On big moves in earnings, John Wood Group (LON:WG) sank nearly 11%, leading the Stoxx 600 lower, as the oilfield services provider reported a 62% drop in profit.
Second on the list of worst performers, HSBC (LON:HSBA) tumbled 6% as the bank saw its own pre-tax profit crash more than 60% on goodwill charges and weak core markets.
On the opposite end of the index, Rubis (PA:RUBF) gained more than 5% as the French distributor of petroleum and chemical products announced that it would acquire the leading distributors of fuel products in Haiti Dinasa and its subsidiary Sodigaz.
The second largest advancer was Groupe SEB (PA:SEBF) with gains of nearly 5% as the French maker of small appliances reported record profit for 2016.
Meanwhile, oil prices moved higher on Tuesday, climbing towards the strongest levels since early January amid ongoing signs of compliance with a global pact to cut production.

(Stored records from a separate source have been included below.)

lemma compl_fun_ratio_le:
  assumes mo: "musielak_orlicz M \<phi>" and x: "x \<in> space M"
    and lower: "\<And>t s. 0 \<le> t \<Longrightarrow> 0 < s \<Longrightarrow> s < 1 \<Longrightarrow> \<phi> x (s * t) \<le> C * s * \<phi> x t"
    and c: "0 \<le> c" "2 * c * C \<le> 1" and t: "t > 0" and w: "0 \<le> w" "w \<le> \<phi> x (2 * t)"
  shows "compl_fun \<phi> x (c * w / t) \<le> ennreal (2 * c * w)"
proof (rule compl_fun_le)
  fix u :: real assume u: "u > 0"
  have \<phi>u: "0 \<le> \<phi> x u" using musielak_orlicz_nonneg[OF mo x] u by simp
  show "u * (c * w / t) - \<phi> x u \<le> 2 * c * w"
  proof (cases "u \<le> 2 * t")
    case True
    have "u * (c * w / t) \<le> 2 * t * (c * w / t)"
      using True c w t by (intro mult_right_mono) auto
    then show ?thesis using t \<phi>u by simp
  next
    case False
    define s where "s = 2 * t / u"
    have s: "0 < s" "s < 1" using False t u unfolding s_def by auto
    have "w \<le> \<phi> x (s * u)" using w u unfolding s_def by simp
    also have "\<dots> \<le> C * s * \<phi> x u" using lower[OF _ s] u by simp
    finally have "u * (c * w / t) \<le> u * (c * (C * s * \<phi> x u) / t)"
      using c u t by (intro mult_left_mono divide_right_mono) auto
    also have "\<dots> = 2 * c * C * \<phi> x u" unfolding s_def using u t by (simp add: field_simps)
    also have "\<dots> \<le> \<phi> x u" using c \<phi>u mult_right_mono[of "2 * c * C" 1 "\<phi> x u"] by simp
    finally have "u * (c * w / t) \<le> \<phi> x u" .
    moreover have "0 \<le> 2 * c * w" using c w by simp
    ultimately show ?thesis by linarith
  qed
qed

lemma ratio_le_of_lower_type:
  fixes t w k C :: real
  assumes lower: "\<And>t s. 0 \<le> t \<Longrightarrow> 0 < s \<Longrightarrow> s < 1 \<Longrightarrow> \<phi> x (s * t) \<le> C * s * \<phi> x t"
    and "C \<ge> 1" and t: "t > 0" and w: "0 \<le> w" "w \<le> \<phi> x (2 * t)" "w \<le> k" and "\<phi> x 1 \<le> k"
  shows "w / t \<le> 2 * C * k"
proof (cases "2 * t < 1")
  case True
  have "w \<le> \<phi> x ((2 * t) * 1)" using w by simp
  also have "\<dots> \<le> C * (2 * t) * \<phi> x 1" using lower[of 1 "2 * t"] True t by simp
  also have "\<dots> \<le> C * (2 * t) * k" using assms t by (intro mult_left_mono) auto
  finally show ?thesis using t by (simp add: divide_le_eq mult_ac)
next
  case False
  then have "w * 1 \<le> w * (2 * t)" using w by (intro mult_left_mono) auto
  then have "w / t \<le> 2 * w" using t by (simp add: divide_le_eq mult_ac)
  also have "\<dots> \<le> 2 * C * k" using assms w mult_right_mono[of 1 C k] by simp
  finally show ?thesis .
qed
(* Let $n,m$ be integers with $1\le n\le m$ and let $(G,\sigma)$ be a signed graph with $G=P_n\,\square\,P_m$ (a signed grid). Then $\chi_s(G,\sigma)\le 6$. If $n\le 4$, then $\chi_s(G,\sigma)\le 5$. Moreover, there exist signed grids (signed graphs whose underlying graph is $P_n\,\square\,P_m$ for some $n,m$) with chromatic number $5$.
   Context: A signed graph $(G,\sigma)$ is a simple loopless undirected graph $G$ with a signature $\sigma:E(G)\to\{+1,-1\}$. Switching a vertex $v$ negates the sign of every edge incident to $v$; two signatures are equivalent if one is obtained from the other by switching a set of vertices. A homomorphism of $(G,\sigma)$ to $(H,\pi)$ is a graph homomorphism $\varphi:G\to H$ for which there is a signature $\sigma'$ equivalent to $\sigma$ with $\pi(\varphi(u)\varphi(v))=\sigma'(uv)$ for every edge $uv$ of $G$. $\chi_s(G,\sigma)$ is the smallest order of a signed graph to which $(G,\sigma)$ admits a homomorphism. $P_n$ is the path on $n$ vertices and $\square$ is the Cartesian product of graphs. *)

theory Defs
  imports Main
begin

definition signed_graph :: "'a set \<Rightarrow> 'a set set \<Rightarrow> ('a set \<Rightarrow> int) \<Rightarrow> bool" where
  "signed_graph V E \<sigma> \<longleftrightarrow>
     (\<forall>e\<in>E. \<exists>u v. e = {u, v} \<and> u \<noteq> v \<and> u \<in> V \<and> v \<in> V) \<and>
     (\<forall>e\<in>E. \<sigma> e = 1 \<or> \<sigma> e = -1)"

definition switch :: "'a set \<Rightarrow> ('a set \<Rightarrow> int) \<Rightarrow> 'a set \<Rightarrow> int" where
  "switch S \<sigma> e = (if card (e \<inter> S) = 1 then - \<sigma> e else \<sigma> e)"

definition signed_hom ::
  "'a set \<Rightarrow> 'a set set \<Rightarrow> ('a set \<Rightarrow> int) \<Rightarrow> 'b set \<Rightarrow> 'b set set \<Rightarrow> ('b set \<Rightarrow> int) \<Rightarrow> ('a \<Rightarrow> 'b) \<Rightarrow> bool" where
  "signed_hom V E \<sigma> W F \<pi> \<phi> \<longleftrightarrow>
     (\<forall>v\<in>V. \<phi> v \<in> W) \<and>
     (\<exists>S\<subseteq>V. \<forall>u v. {u, v} \<in> E \<longrightarrow>
        {\<phi> u, \<phi> v} \<in> F \<and> \<pi> {\<phi> u, \<phi> v} = switch S \<sigma> {u, v})"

Energy stocks were trading higher, as French oil and gas major Total SA (PA:TOTF) gained 0.79%, Italy’s ENI (MI:ENI) advanced 1.68%, while Norwegian rival Statoil (OL:STL) rose 1.49%.
Financial stocks were mixed, as French lenders BNP Paribas (PA:BNPP) slipped 0.07% but Societe Generale (PA:SOGN) gained 0.89%, while Germany’s Deutsche Bank (DE:DBKGn) lost 0.32% and Commerzbank (DE:CBKG) gave up 0.13%.
Among peripheral lenders, Italy’s Intesa Sanpaolo (MI:ISP) advanced 0.28% but Unicredit (MI:CRDI) fell 0.24%, while Spanish banks BBVA (MC:BBVA) traded down 0.29% and Banco Santander (MC:SAN) retreated 0.33%.
In London, the commodity-heavy FTSE 100 traded down 0.30%.
Shares in Glencore (LON:GLEN) rose 0.21%, Anglo American (LON:AAL) slumped 1.32%, while BHP Billiton (LON:BLT) fell 0.46% and Rio Tinto (LON:RIO) gained 0.12%.
Energy stocks traded higher, as BP (LON:BP) traded up 1.52% and Royal Dutch Shell (LON:RDSa) gained 0.50%.
Financial stocks were lower as shares in HSBC Holdings (LON:HSBA) tumbled 6.33% and the Royal Bank of Scotland (LON:RBS) lost 0.12%, while Barclays (LON:BARC) and Lloyds Banking (LON:LLOY) fell 0.32% and 0.15%, respectively.
With Wall Street set to reopen its doors after Monday’s holiday, U.S. futures pointed to a higher open. The Dow Jones Industrial Average futures rose 0.15%, S&P 500 futures gained 0.12%, while the Nasdaq 100 futures advanced 0.23%.